= Instructions to follow =
From the entries provided below, copy each line that contains the word "text".
+++ Dataset records +++
definition eps_net :: "'a::euclidean_space set \<Rightarrow> 'a set \<Rightarrow> real \<Rightarrow> bool" where
  "eps_net N P eps \<longleftrightarrow> N \<subseteq> P
     \<and> (\<forall>p\<in>N. \<forall>q\<in>N. p \<noteq> q \<longrightarrow> dist p q \<ge> eps)
     \<and> (\<forall>p\<in>P. \<exists>q\<in>N. dist p q \<le> eps)"

text \<open>The packing condition defining fractal dimension, with exponent delta and constant c.\<close>
definition fractal_bound :: "real \<Rightarrow> real \<Rightarrow> 'a::euclidean_space set \<Rightarrow> bool" where
  "fractal_bound delta c P \<longleftrightarrow>
     (\<forall>eps r N x. eps > 0 \<longrightarrow> r \<ge> 2 * eps \<longrightarrow> eps_net N P eps \<longrightarrow>
        real (card (N \<inter> cball x r)) \<le> c * (r / eps) powr delta)"

definition tsp_tour :: "'a::euclidean_space set \<Rightarrow> 'a list \<Rightarrow> bool" where
  "tsp_tour P xs \<longleftrightarrow> distinct xs \<and> set xs = P"

definition tour_length :: "'a::euclidean_space list \<Rightarrow> real" where
  "tour_length xs = (\<Sum>i<length xs. dist (xs ! i) (xs ! (Suc i mod length xs)))"

definition optimal_tour :: "'a::euclidean_space set \<Rightarrow> 'a list \<Rightarrow> bool" where
  "optimal_tour P xs \<longleftrightarrow> tsp_tour P xs \<and>
     (\<forall>ys. tsp_tour P ys \<longrightarrow> tour_length xs \<le> tour_length ys)"

definition tour_edge :: "'a::euclidean_space list \<Rightarrow> nat \<Rightarrow> 'a set" where
  "tour_edge xs i = closed_segment (xs ! i) (xs ! (Suc i mod length xs))"

definition sep_bound :: "real \<Rightarrow> nat \<Rightarrow> real" where
  "sep_bound delta n =
     (if delta > 1 then real n powr (1 - 1 / delta)
      else if delta = 1 then ln (real n)
      else 1 / (2 powr (1 - delta) - 1))"

end

theory Submission
  imports Defs
begin

text \<open>
  First find a ball B(z, R) holding a 1/K fraction of P whose double holds at most half of P: the
  smallest ball with about n/K points works, because by the packing condition its double is
  covered by boundedly many half-size balls, each lighter than it. Every sphere of radius between
  R and 2R then separates P in a balanced way. Among n concentric such spheres, an edge of length
  l < R near z meets about l n / R + 1 of them, so some sphere meets at most about
  (number of long edges) + sum over short edges of l / R + 1. Long edges near z are boundedly
  many because two edges of an optimal tour cannot run close and parallel (2-opt). Grouping the
  short edges by dyadic scale, at scale R / 2^j there are O(2^(j delta)) of them by the packing
  condition and trivially at most n, each contributing at most 2^(-j); summing gives
  n^(1 - 1/delta), log n or a constant.
\<close>

fun path_length :: "'a::euclidean_space list \<Rightarrow> real" where
  "path_length (a # b # rest) = dist a b + path_length (b # rest)"
| "path_length _ = 0"

lemma path_length_append:
  "path_length (xs @ y # ys) = path_length (xs @ [y]) + path_length (y # ys)"
  by (induction xs rule: path_length.induct) (auto simp: Cons_eq_append_conv)

lemma path_length_rev: "path_length (rev xs) = path_length xs"
proof (induction xs rule: path_length.induct)
  case (1 a b rest)
  have "path_length (rev (a # b # rest)) = path_length (rev rest @ [b]) + path_length [b, a]"
    using path_length_append[of "rev rest" b "[a]"] by simp
  then show ?case using 1 by (simp add: dist_commute)
qed auto

lemma path_length_snoc:
  "path_length (xs @ [w]) = path_length xs + (if xs = [] then 0 else dist (last xs) w)"
proof (cases xs rule: rev_cases)
  case (snoc ys y)
  then show ?thesis using path_length_append[of ys y "[w]"] by simp
qed simp

lemma path_length_conv_sum:
  "path_length xs = (\<Sum>i<length xs - 1. dist (xs ! i) (xs ! Suc i))"
proof (induction xs rule: path_length.induct)
  case (1 a b rest)
  then show ?case by (simp add: sum.lessThan_Suc_shift del: sum.lessThan_Suc)
qed auto

lemma tour_length_conv_path_length:
  assumes "xs \<noteq> []"
  shows "tour_length xs = path_length (xs @ [xs ! 0])"
proof -
  let ?n = "length xs" and ?L = "xs @ [xs ! 0]"
  have "dist (?L ! i) (?L ! Suc i) = dist (xs ! i) (xs ! (Suc i mod ?n))" if "i < ?n" for i
    using that by (cases "Suc i = ?n") (auto simp: nth_append)
  then show ?thesis
    unfolding tour_length_def path_length_conv_sum by (intro sum.cong) auto
qed

lemma path_length_splice:
  assumes "N \<noteq> []"
  shows "path_length (A @ [u] @ N @ [w] @ C)
       = path_length (A @ [u]) + dist u (hd N) + path_length N + dist (last N) w + path_length (w # C)"
proof -
  obtain m ms where N: "N = m # ms" using assms by (cases N) auto
  have "path_length (A @ [u] @ N @ [w] @ C) = path_length (A @ [u]) + path_length (u # N @ [w] @ C)"
    using path_length_append[of A u "N @ [w] @ C"] by simp
  also have "path_length (u # N @ [w] @ C) = dist u (hd N) + path_length (N @ [w]) + path_length (w # C)"
    using N path_length_append[of N w C] by simp
  finally show ?thesis using assms by (simp add: path_length_snoc)
qed

lemma closed_walk_segment_split:
  assumes ij: "i < j" "j < length xs"
  defines "M \<equiv> take (j - i) (drop (Suc i) xs)" and "j' \<equiv> Suc j mod length xs"
  obtains A C where "xs = take (Suc i) xs @ M @ drop (Suc j) xs"
    "take (Suc i) xs = A @ [xs ! i]" "drop (Suc j) xs @ [xs ! 0] = [xs ! j'] @ C"
proof -
  let ?L = "xs @ [xs ! 0]"
  define A where "A = take i ?L"
  define C where "C = drop (Suc (Suc j)) ?L"
  have "xs = take (Suc i) xs @ M @ drop (Suc j) xs" unfolding M_def using ij
    by (metis Suc_leI append.assoc append_take_drop_id drop_drop le_add_diff_inverse2 less_imp_le_nat
        take_add plus_1_eq_Suc add.commute add_Suc_right Suc_diff_le)
  moreover have "take (Suc i) xs = A @ [xs ! i]"
    unfolding A_def using ij by (simp add: take_Suc_conv_app_nth)
  moreover have "drop (Suc j) xs @ [xs ! 0] = [xs ! j'] @ C"
  proof -
    have "drop (Suc j) xs @ [xs ! 0] = drop (Suc j) ?L" using ij by simp
    also have "\<dots> = ?L ! Suc j # C" unfolding C_def by (rule Cons_nth_drop_Suc[symmetric]) (use ij in simp)
    also have "?L ! Suc j = xs ! j'"
      unfolding j'_def using ij by (cases "Suc j = length xs") (auto simp: nth_append)
    finally show ?thesis by simp
  qed
  ultimately show ?thesis using that by blast
qed

text \<open>Reversing the stretch between two edges of an optimal tour cannot shorten it.\<close>
lemma optimal_tour_two_opt:
  assumes opt: "optimal_tour P xs" and ij: "i < j" "j < length xs"
  defines "i' \<equiv> Suc i mod length xs" and "j' \<equiv> Suc j mod length xs"
  shows "dist (xs ! i) (xs ! i') + dist (xs ! j) (xs ! j')
       \<le> dist (xs ! i) (xs ! j) + dist (xs ! i') (xs ! j')"
proof -
  define M where "M = take (j - i) (drop (Suc i) xs)"
  define ys where "ys = take (Suc i) xs @ rev M @ drop (Suc j) xs"
  obtain A C where xs_split: "xs = take (Suc i) xs @ M @ drop (Suc j) xs"
    and take_i: "take (Suc i) xs = A @ [xs ! i]" and drop_j: "drop (Suc j) xs @ [xs ! 0] = [xs ! j'] @ C"
    using closed_walk_segment_split[OF ij] unfolding M_def j'_def by blast
  have i': "i' = Suc i" unfolding i'_def using ij by simp
  have Mne: "M \<noteq> []" and hdM: "hd M = xs ! Suc i" and lastM: "last M = xs ! j"
    unfolding M_def using ij by (simp_all add: hd_take hd_drop_conv_nth last_conv_nth)
  have "xs @ [xs ! 0] = take (Suc i) xs @ M @ (drop (Suc j) xs @ [xs ! 0])"
    using arg_cong[OF xs_split, of "\<lambda>ys. ys @ [xs ! 0]"] by simp
  then have xs_L: "xs @ [xs ! 0] = A @ [xs ! i] @ M @ [xs ! j'] @ C"
    unfolding take_i drop_j by simp
  have "ys ! 0 = xs ! 0" unfolding ys_def using ij by (simp add: nth_append)
  then have ys_L: "ys @ [ys ! 0] = A @ [xs ! i] @ rev M @ [xs ! j'] @ C"
    using drop_j take_i unfolding ys_def by simp
  have "tsp_tour P ys"
    using opt xs_split unfolding optimal_tour_def tsp_tour_def ys_def
    by (metis distinct_append set_append set_rev distinct_rev)
  then have "tour_length xs \<le> tour_length ys" using opt by (simp add: optimal_tour_def)
  moreover have "xs \<noteq> []" "ys \<noteq> []" unfolding ys_def using ij by auto
  ultimately have "path_length (A @ [xs ! i] @ M @ [xs ! j'] @ C)
                 \<le> path_length (A @ [xs ! i] @ rev M @ [xs ! j'] @ C)"
    using xs_L ys_L by (simp add: tour_length_conv_path_length)
  moreover have "hd (rev M) = xs ! j" "last (rev M) = xs ! Suc i"
    using Mne hdM lastM by (simp_all add: hd_rev last_rev)
  ultimately show ?thesis
    using path_length_splice[OF Mne, of A "xs ! i" "xs ! j'" C] Mne
      path_length_splice[of "rev M" A "xs ! i" "xs ! j'" C] hdM lastM i'
    by (simp add: path_length_rev)
qed

definition edge_length :: "'a::euclidean_space list \<Rightarrow> nat \<Rightarrow> real" where
  "edge_length xs i = dist (xs ! i) (xs ! (Suc i mod length xs))"

lemma uniform_cball_cover:
  fixes t :: real assumes t: "t > 0"
  obtains K :: nat where "\<And>(z::'a::euclidean_space) r. r > 0 \<Longrightarrow>
     \<exists>F. finite F \<and> card F \<le> K \<and> cball z r \<subseteq> (\<Union>f\<in>F. cball f (t * r))"
proof -
  have "cball (0::'a) 1 \<subseteq> (\<Union>x\<in>UNIV. ball x t)"
    using t by (meson UNIV_I UN_I centre_in_ball subsetI)
  then obtain C where C: "finite C" "cball (0::'a) 1 \<subseteq> (\<Union>x\<in>C. ball x t)"
    using compactE_image[of "cball (0::'a) 1" UNIV "\<lambda>x. ball x t"] by auto
  have "cball z r \<subseteq> (\<Union>f\<in>(\<lambda>x. z + r *\<^sub>R x) ` C. cball f (t * r))" if r: "r > 0" for z :: 'a and r
  proof
    fix y assume y: "y \<in> cball z r"
    define u where "u = (1 / r) *\<^sub>R (y - z)"
    have "norm u \<le> 1" unfolding u_def using r y by (simp add: dist_norm norm_minus_commute)
    with C obtain x where x: "x \<in> C" "dist x u < t" by auto
    have "z + r *\<^sub>R x - y = r *\<^sub>R (x - u)" unfolding u_def using r by (simp add: algebra_simps)
    then have "dist (z + r *\<^sub>R x) y = r * dist x u" using r by (simp add: dist_norm)
    also have "\<dots> \<le> t * r" using x r by (simp add: mult.commute)
    finally show "y \<in> (\<Union>f\<in>(\<lambda>x. z + r *\<^sub>R x) ` C. cball f (t * r))" using x by auto
  qed
  then show ?thesis
    using that[of "card C"] C(1) card_image_le[OF C(1)] by (metis finite_imageI)
qed

lemma eps_net_exists:
  fixes P :: "'a::euclidean_space set"
  assumes fin: "finite P" and eps: "eps > 0"
  shows "\<exists>N. eps_net N P eps"
proof -
  define S where "S = {N. N \<subseteq> P \<and> (\<forall>p\<in>N. \<forall>q\<in>N. p \<noteq> q \<longrightarrow> dist p q \<ge> eps)}"
  have finS: "finite S" and "{} \<in> S" unfolding S_def using fin by simp_all
  then have "Max (card ` S) \<in> card ` S" by (intro Max_in) auto
  then obtain N where N: "N \<in> S" and "card N = Max (card ` S)" by auto
  then have max: "\<And>N'. N' \<in> S \<Longrightarrow> card N' \<le> card N" using finS by simp
  have finN: "finite N" using N fin unfolding S_def by (auto intro: finite_subset)
  have "\<exists>q\<in>N. dist p q \<le> eps" if p: "p \<in> P" for p
  proof (rule ccontr)
    assume "\<not> ?thesis"
    then have far: "\<And>q. q \<in> N \<Longrightarrow> dist p q > eps" by (auto simp: not_le)
    then have "p \<notin> N" using eps by force
    moreover have "insert p N \<in> S" using N p far unfolding S_def
      by (auto simp: dist_commute less_imp_le)
    ultimately show False using max[of "insert p N"] finN by simp
  qed
  then show ?thesis using N unfolding eps_net_def S_def by auto
qed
+++
= Written reply =
text \<open>The packing condition defining fractal dimension, with exponent delta and constant c.\<close>
text \<open>
text \<open>Reversing the stretch between two edges of an optimal tour cannot shorten it.\<close>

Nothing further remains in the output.